> **Stored items**:
++++++
lemma chi_sum: "chi N (\<Sum>i\<in>A. h i) = (\<Prod>i\<in>A. chi N (h i))"
  by (induct A rule: infinite_finite_induct) (simp_all add: chi_add)

lemma sum_chi_mult_eq_0:
  assumes "N > 0" "\<not> int N dvd a"
  shows "(\<Sum>k<N. chi N (a * int k)) = 0"
proof -
  have w: "chi N a \<noteq> 1" using chi_eq_1_iff[OF assms(1)] assms(2) by simp
  have "(\<Sum>k<N. chi N (a * int k)) = (\<Sum>k<N. chi N a ^ k)" by (simp add: chi_power)
  also have "\<dots> = (chi N a ^ N - 1) / (chi N a - 1)" by (rule geometric_sum[OF w])
  also have "chi N a ^ N = 1" using chi_eq_1_iff[OF assms(1)] by (simp add: chi_power)
  finally show ?thesis by simp
qed

lemma ZNd_0: "ZNd N 0 = {\<lambda>_. 0}"
  unfolding ZNd_def by auto

lemma ZNd_Suc: "ZNd N (Suc d) = (\<lambda>(x,k). x(d:=k)) ` (ZNd N d \<times> {..<N})"
proof (rule set_eqI)
  fix m
  show "m \<in> ZNd N (Suc d) \<longleftrightarrow> m \<in> (\<lambda>(x,k). x(d:=k)) ` (ZNd N d \<times> {..<N})"
  proof
    assume m: "m \<in> ZNd N (Suc d)"
    hence "(m(d:=0), m d) \<in> ZNd N d \<times> {..<N}" unfolding ZNd_def by auto
    moreover have "m = (\<lambda>(x,k). x(d:=k)) (m(d:=0), m d)" by simp
    ultimately show "m \<in> (\<lambda>(x,k). x(d:=k)) ` (ZNd N d \<times> {..<N})" by blast
  next
    assume "m \<in> (\<lambda>(x,k). x(d:=k)) ` (ZNd N d \<times> {..<N})"
    then obtain x k where "x \<in> ZNd N d" "k < N" "m = x(d:=k)" by auto
    thus "m \<in> ZNd N (Suc d)" unfolding ZNd_def by (auto simp: less_Suc_eq)
  qed
qed

lemma inj_on_ZNd_Suc: "inj_on (\<lambda>(x,k). x(d:=k)) (ZNd N d \<times> {..<N})"
proof (rule inj_onI, clarsimp)
  fix x k y l
  assume "x \<in> ZNd N d" "y \<in> ZNd N d" "x(d := k) = y(d := l)"
  moreover have "x d = 0" "y d = 0" using calculation unfolding ZNd_def by auto
  ultimately show "x = y \<and> k = l"
    by (metis fun_upd_idem fun_upd_same fun_upd_upd)
qed

lemma finite_ZNd: "finite (ZNd N d)"
  by (induct d) (simp_all add: ZNd_0 ZNd_Suc)

lemma ZNd_eqI:
  assumes "x \<in> ZNd N d" "y \<in> ZNd N d" "\<forall>i<d. x i = y i"
  shows "x = y"
proof
  fix i show "x i = y i" using assms unfolding ZNd_def by (cases "i < d") auto
qed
++++++
> **About this exercise**: Among the lines above, find those with the word "rule". Copy them.

> **Response to the exercise**:
  by (induct A rule: infinite_finite_induct) (simp_all add: chi_add)
  also have "\<dots> = (chi N a ^ N - 1) / (chi N a - 1)" by (rule geometric_sum[OF w])
proof (rule set_eqI)
proof (rule inj_onI, clarsimp)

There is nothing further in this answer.